# baking brownies



## tkellyvt (Mar 30, 2009)

I bake my brownies in an 18x13 pan and for whatever reason the sides also seem to rise up. So when I cut the brownies, the ones for the edges have a little ridge in them. Any advice as to how to bake them so they bake completely level?


----------



## ed buchanan (May 29, 2006)

On the edge of every pan their is metal, this conducts more heat then rest of pan therefore hotter. This applies to all pan edges therefore , try useing parchment paper to bake on and bring it up the sides of pan. This should work . In most commercial bakeries of quality we usually trim the edges with a serrated knife.:chef:


----------



## boar_d_laze (Feb 13, 2008)

There's no way. 

What's happening is the brownies rise when they bake and form a mound in the middle, filled with warm (expansive) air. When the air cools it contracts and the middle sinks. The edges won't sink as much, because (a) they're held to the side of the pan by stickiness, and (b) they've been toasted so they don't contract as much by virtue of being on the outside, and (c) from contact conduction with the sides of the pan (what Ed described). This leaves the top of the outside a little higher than the general level of brownie.
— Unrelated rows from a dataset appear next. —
lemma present_iff [simp]:
  "present (p0, p1, p2, p3) a \<longleftrightarrow> a = 0 \<and> p0 \<or> a = 1 \<and> p1 \<or> a = 2 \<and> p2 \<or> a = 3 \<and> p3"
  by (simp add: present_def)

lemma present_upd [simp]:
  "(present (p0, p1, p2, p3))(a := False) = present (p0 \<and> a \<noteq> 0, p1 \<and> a \<noteq> 1, p2 \<and> a \<noteq> 2, p3 \<and> a \<noteq> 3)"
  by (auto simp: fun_eq_iff)

fun num_present :: "row \<Rightarrow> nat" where
  "num_present (p0, p1, p2, p3) = of_bool p0 + of_bool p1 + of_bool p2 + of_bool p3"

text \<open>Each branch covers the first vertex of the bottom row by a domino to its right, to its left or
  upwards; once the bottom row is covered, the window moves up one row.\<close>

function transfer :: "nat \<Rightarrow> row \<Rightarrow> row \<Rightarrow> nat" where
  "transfer m (p0, p1, p2, p3) (q0, q1, q2, q3) =
    (if p0 then
       (if p1 then transfer m (False, False, p2, p3) (q0, q1, q2, q3) else 0)
     + (if p3 then transfer m (False, p1, p2, False) (q0, q1, q2, q3) else 0)
     + (if 0 < m \<and> q0 then transfer m (False, p1, p2, p3) (False, q1, q2, q3) else 0)
     else if p1 then
       (if p2 then transfer m (False, False, False, p3) (q0, q1, q2, q3) else 0)
     + (if 0 < m \<and> q1 then transfer m (False, False, p2, p3) (q0, False, q2, q3) else 0)
     else if p2 then
       (if p3 then transfer m (False, False, False, False) (q0, q1, q2, q3) else 0)
     + (if 0 < m \<and> q2 then transfer m (False, False, False, p3) (q0, q1, False, q3) else 0)
     else if p3 then
       (if 0 < m \<and> q3 then transfer m (False, False, False, False) (q0, q1, q2, False) else 0)
     else case m of 0 \<Rightarrow> 1 | Suc m' \<Rightarrow> transfer m' (q0, q1, q2, q3) (True, True, True, True))"
  by pat_completeness auto
termination
  by (relation "measure (\<lambda>(m, p, q). 5 * m + num_present p)") auto

declare transfer.simps [simp del]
That's the "ridge" you mentioned. 

You can trim the edges if you like, but they're chewy and wonderful. If you must trim, send them to me.

BDL


----------



## crazychef28 (Apr 13, 2009)

You can also use Bake-Even cake strips around your brownies. They help distribute the heat more evenly then baking without them, therefore depleting crusty edges!


----------



## tkellyvt (Mar 30, 2009)

I've never heard of such things. Do you know where you can buy them? Do they make them for sheet pans?


----------



## crazychef28 (Apr 13, 2009)

I got mine at Michaels. You can use them for whatever size/shape pan you would like, but you may have to buy more of them for the larger pans. You moisten them, run your finger down them to remove excess water, and then pin them together around your pan. Great investment!


----------



## stymie72 (Jul 22, 2009)

I don't like how brownie edges get harder than the rest of the pan. Fairly early in baking, as the edges start to firm up, I use a spatula to fold the edges into the center of the pan. I think this might help with the "rising" as well. I'm not a pro, but I love my brownies.


----------